### INFORMATION GIVEN
lemma special_Hstar_iff:
  assumes g: "graph W F"
  shows "special_Hstar W F \<longleftrightarrow> connected_graph W F \<and> 4 \<le> card W \<and> right_unique (mmd_pair W F)"
proof -
  have fin: "finite (non_neighbours W F x)" for x
    using g by (simp add: graph_def non_neighbours_def)
  have degree_cases: "degree W F x = card W - 2 \<or> degree W F x = card W - 1 \<longleftrightarrow>
      card (non_neighbours W F x) \<le> 1" if "x \<in> W" "4 \<le> card W" for x
    using degree_add_card_non_neighbours[OF g \<open>x \<in> W\<close>] that(2) by linarith
  have "degree W F x = card W - 1 \<longleftrightarrow> x \<in> universal_vertices W F" if "x \<in> W" for x
    using degree_add_card_non_neighbours[OF g that] that fin[of x]
    by (auto simp: universal_vertices_iff)
  then have "{w \<in> W. degree W F w = card W - 1} = universal_vertices W F"
    by (auto simp: universal_vertices_def)
  then show ?thesis
    unfolding special_Hstar_def right_unique_mmd_pair_iff[OF g] using degree_cases by auto
qed

lemma path_if_right_unique_mmd_pair_card_3:
  assumes g: "graph W F" and card: "card W = 3" and matching: "right_unique (mmd_pair W F)"
  obtains x y z where "W = {x, y, z}" "distinct [x, y, z]" "F x y" "F y z" "\<not> F x z"
proof -
  have fin: "finite W" using g by (simp add: graph_def)
  have nn: "\<forall>x\<in>W. card (non_neighbours W F x) \<le> 1" and univ: "card (universal_vertices W F) \<le> 2"
    using matching right_unique_mmd_pair_iff[OF g] by blast+
  note nn_unique = non_neighbour_unique[OF g nn]
  have "universal_vertices W F \<noteq> W" using univ card by auto
  moreover have "universal_vertices W F \<subseteq> W" by (auto simp: universal_vertices_def)
  ultimately obtain x where "x \<in> W" "x \<notin> universal_vertices W F" by blast
  then have x: "x \<in> W" "non_neighbours W F x \<noteq> {}" by (simp_all add: universal_vertices_iff)
  then obtain y where y: "y \<in> non_neighbours W F x" by blast
  have "card {x, y} \<le> 2" by (simp add: card_insert_if)
  then have "\<not> W \<subseteq> {x, y}" using card card_mono[of "{x, y}" W] by auto
  then obtain z where z: "z \<in> W" "z \<noteq> x" "z \<noteq> y" by blast
  have xy: "y \<in> W" "y \<noteq> x" "\<not> F x y" using y by (auto simp: non_neighbours_def)
  have "{x, z, y} = W"
    using x(1) xy z card fin by (intro card_subset_eq) auto
  moreover have "F x z" using nn_unique[OF x(1) y, of z] z by (auto simp: non_neighbours_def)
  moreover have "F z y"
  proof (rule ccontr)
    assume "\<not> F z y"
    then have "z \<in> non_neighbours W F y" "x \<in> non_neighbours W F y"
      using g xy z non_neighbours_sym[OF g x(1) y] by (auto simp: non_neighbours_def graph_def)
    then show False using nn_unique[OF xy(1)] z(2) by blast
  qed
  ultimately show thesis using that[of x z y] xy z by auto
qed

lemma two_elements_if_card_ge_2:
  assumes "2 \<le> card A"
  obtains a b where "a \<in> A" "b \<in> A" "a \<noteq> b"
proof -
  obtain T where "T \<subseteq> A" "card T = 2" using assms by (rule obtain_subset_with_card_n)
  then show thesis using that by (auto simp: card_2_iff)
qed

lemma component_eq:
  assumes "graph V E" "reachable E x y"
  shows "{z \<in> V. reachable E x z} = {z \<in> V. reachable E y z}"
proof -
  have "reachable E y x" using reachable_sym[OF assms] .
  with assms(2) show ?thesis by (auto intro: reachable_trans)
qed

lemma component_representatives:
  assumes g: "graph V E"
  obtains S where "S \<subseteq> V" "card S = num_components V E" "pairwise (\<lambda>x y. \<not> reachable E x y) S"
    "\<forall>y\<in>V. \<exists>x\<in>S. reachable E x y"
proof -
  define C where "C x = {y \<in> V. reachable E x y}" for x
  define rep where "rep = inv_into V C"
  have rep: "rep (C x) \<in> V" "C (rep (C x)) = C x" if "x \<in> V" for x
    using that by (auto simp: rep_def inv_into_into f_inv_into_f)
  have "rep ` C ` V \<subseteq> V" using rep by blast
  moreover have "card (rep ` C ` V) = num_components V E"
    unfolding num_components_def C_def[symmetric] rep_def
    by (rule card_image) (rule inj_on_inv_into, simp)
  moreover have "\<not> reachable E a b" if "a \<in> rep ` C ` V" "b \<in> rep ` C ` V" "a \<noteq> b" for a b
  proof
    assume "reachable E a b"
    then have "C a = C b" unfolding C_def by (rule component_eq[OF g])
    with that rep show False by auto
  qed
  then have "pairwise (\<lambda>x y. \<not> reachable E x y) (rep ` C ` V)"
    unfolding pairwise_def by blast
  moreover have "\<forall>y\<in>V. \<exists>x\<in>rep ` C ` V. reachable E x y"
  proof
    fix y assume y: "y \<in> V"
    have "y \<in> C (rep (C y))" using rep(2)[OF y] y by (simp add: C_def)
    then have "reachable E (rep (C y)) y" by (simp add: C_def)
    moreover have "rep (C y) \<in> rep ` C ` V" using y by blast
    ultimately show "\<exists>x\<in>rep ` C ` V. reachable E x y" by blast
  qed
  ultimately show thesis by (rule that)
qed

### TASK DIRECTIONS
Every line of the material should come back unchanged.

### TASK SOLUTION
lemma special_Hstar_iff:
  assumes g: "graph W F"
  shows "special_Hstar W F \<longleftrightarrow> connected_graph W F \<and> 4 \<le> card W \<and> right_unique (mmd_pair W F)"
proof -
  have fin: "finite (non_neighbours W F x)" for x
    using g by (simp add: graph_def non_neighbours_def)
  have degree_cases: "degree W F x = card W - 2 \<or> degree W F x = card W - 1 \<longleftrightarrow>
      card (non_neighbours W F x) \<le> 1" if "x \<in> W" "4 \<le> card W" for x
    using degree_add_card_non_neighbours[OF g \<open>x \<in> W\<close>] that(2) by linarith
  have "degree W F x = card W - 1 \<longleftrightarrow> x \<in> universal_vertices W F" if "x \<in> W" for x
    using degree_add_card_non_neighbours[OF g that] that fin[of x]
    by (auto simp: universal_vertices_iff)
  then have "{w \<in> W. degree W F w = card W - 1} = universal_vertices W F"
    by (auto simp: universal_vertices_def)
  then show ?thesis
    unfolding special_Hstar_def right_unique_mmd_pair_iff[OF g] using degree_cases by auto
qed

lemma path_if_right_unique_mmd_pair_card_3:
  assumes g: "graph W F" and card: "card W = 3" and matching: "right_unique (mmd_pair W F)"
  obtains x y z where "W = {x, y, z}" "distinct [x, y, z]" "F x y" "F y z" "\<not> F x z"
proof -
  have fin: "finite W" using g by (simp add: graph_def)
  have nn: "\<forall>x\<in>W. card (non_neighbours W F x) \<le> 1" and univ: "card (universal_vertices W F) \<le> 2"
    using matching right_unique_mmd_pair_iff[OF g] by blast+
  note nn_unique = non_neighbour_unique[OF g nn]
  have "universal_vertices W F \<noteq> W" using univ card by auto
  moreover have "universal_vertices W F \<subseteq> W" by (auto simp: universal_vertices_def)
  ultimately obtain x where "x \<in> W" "x \<notin> universal_vertices W F" by blast
  then have x: "x \<in> W" "non_neighbours W F x \<noteq> {}" by (simp_all add: universal_vertices_iff)
  then obtain y where y: "y \<in> non_neighbours W F x" by blast
  have "card {x, y} \<le> 2" by (simp add: card_insert_if)
  then have "\<not> W \<subseteq> {x, y}" using card card_mono[of "{x, y}" W] by auto
  then obtain z where z: "z \<in> W" "z \<noteq> x" "z \<noteq> y" by blast
  have xy: "y \<in> W" "y \<noteq> x" "\<not> F x y" using y by (auto simp: non_neighbours_def)
  have "{x, z, y} = W"
    using x(1) xy z card fin by (intro card_subset_eq) auto
  moreover have "F x z" using nn_unique[OF x(1) y, of z] z by (auto simp: non_neighbours_def)
  moreover have "F z y"
  proof (rule ccontr)
    assume "\<not> F z y"
    then have "z \<in> non_neighbours W F y" "x \<in> non_neighbours W F y"
      using g xy z non_neighbours_sym[OF g x(1) y] by (auto simp: non_neighbours_def graph_def)
    then show False using nn_unique[OF xy(1)] z(2) by blast
  qed
  ultimately show thesis using that[of x z y] xy z by auto
qed

lemma two_elements_if_card_ge_2:
  assumes "2 \<le> card A"
  obtains a b where "a \<in> A" "b \<in> A" "a \<noteq> b"
proof -
  obtain T where "T \<subseteq> A" "card T = 2" using assms by (rule obtain_subset_with_card_n)
  then show thesis using that by (auto simp: card_2_iff)
qed

lemma component_eq:
  assumes "graph V E" "reachable E x y"
  shows "{z \<in> V. reachable E x z} = {z \<in> V. reachable E y z}"
proof -
  have "reachable E y x" using reachable_sym[OF assms] .
  with assms(2) show ?thesis by (auto intro: reachable_trans)
qed

lemma component_representatives:
  assumes g: "graph V E"
  obtains S where "S \<subseteq> V" "card S = num_components V E" "pairwise (\<lambda>x y. \<not> reachable E x y) S"
    "\<forall>y\<in>V. \<exists>x\<in>S. reachable E x y"
proof -
  define C where "C x = {y \<in> V. reachable E x y}" for x
  define rep where "rep = inv_into V C"
  have rep: "rep (C x) \<in> V" "C (rep (C x)) = C x" if "x \<in> V" for x
    using that by (auto simp: rep_def inv_into_into f_inv_into_f)
  have "rep ` C ` V \<subseteq> V" using rep by blast
  moreover have "card (rep ` C ` V) = num_components V E"
    unfolding num_components_def C_def[symmetric] rep_def
    by (rule card_image) (rule inj_on_inv_into, simp)
  moreover have "\<not> reachable E a b" if "a \<in> rep ` C ` V" "b \<in> rep ` C ` V" "a \<noteq> b" for a b
  proof
    assume "reachable E a b"
    then have "C a = C b" unfolding C_def by (rule component_eq[OF g])
    with that rep show False by auto
  qed
  then have "pairwise (\<lambda>x y. \<not> reachable E x y) (rep ` C ` V)"
    unfolding pairwise_def by blast
  moreover have "\<forall>y\<in>V. \<exists>x\<in>rep ` C ` V. reachable E x y"
  proof
    fix y assume y: "y \<in> V"
    have "y \<in> C (rep (C y))" using rep(2)[OF y] y by (simp add: C_def)
    then have "reachable E (rep (C y)) y" by (simp add: C_def)
    moreover have "rep (C y) \<in> rep ` C ` V" using y by blast
    ultimately show "\<exists>x\<in>rep ` C ` V. reachable E x y" by blast
  qed
  ultimately show thesis by (rule that)
qed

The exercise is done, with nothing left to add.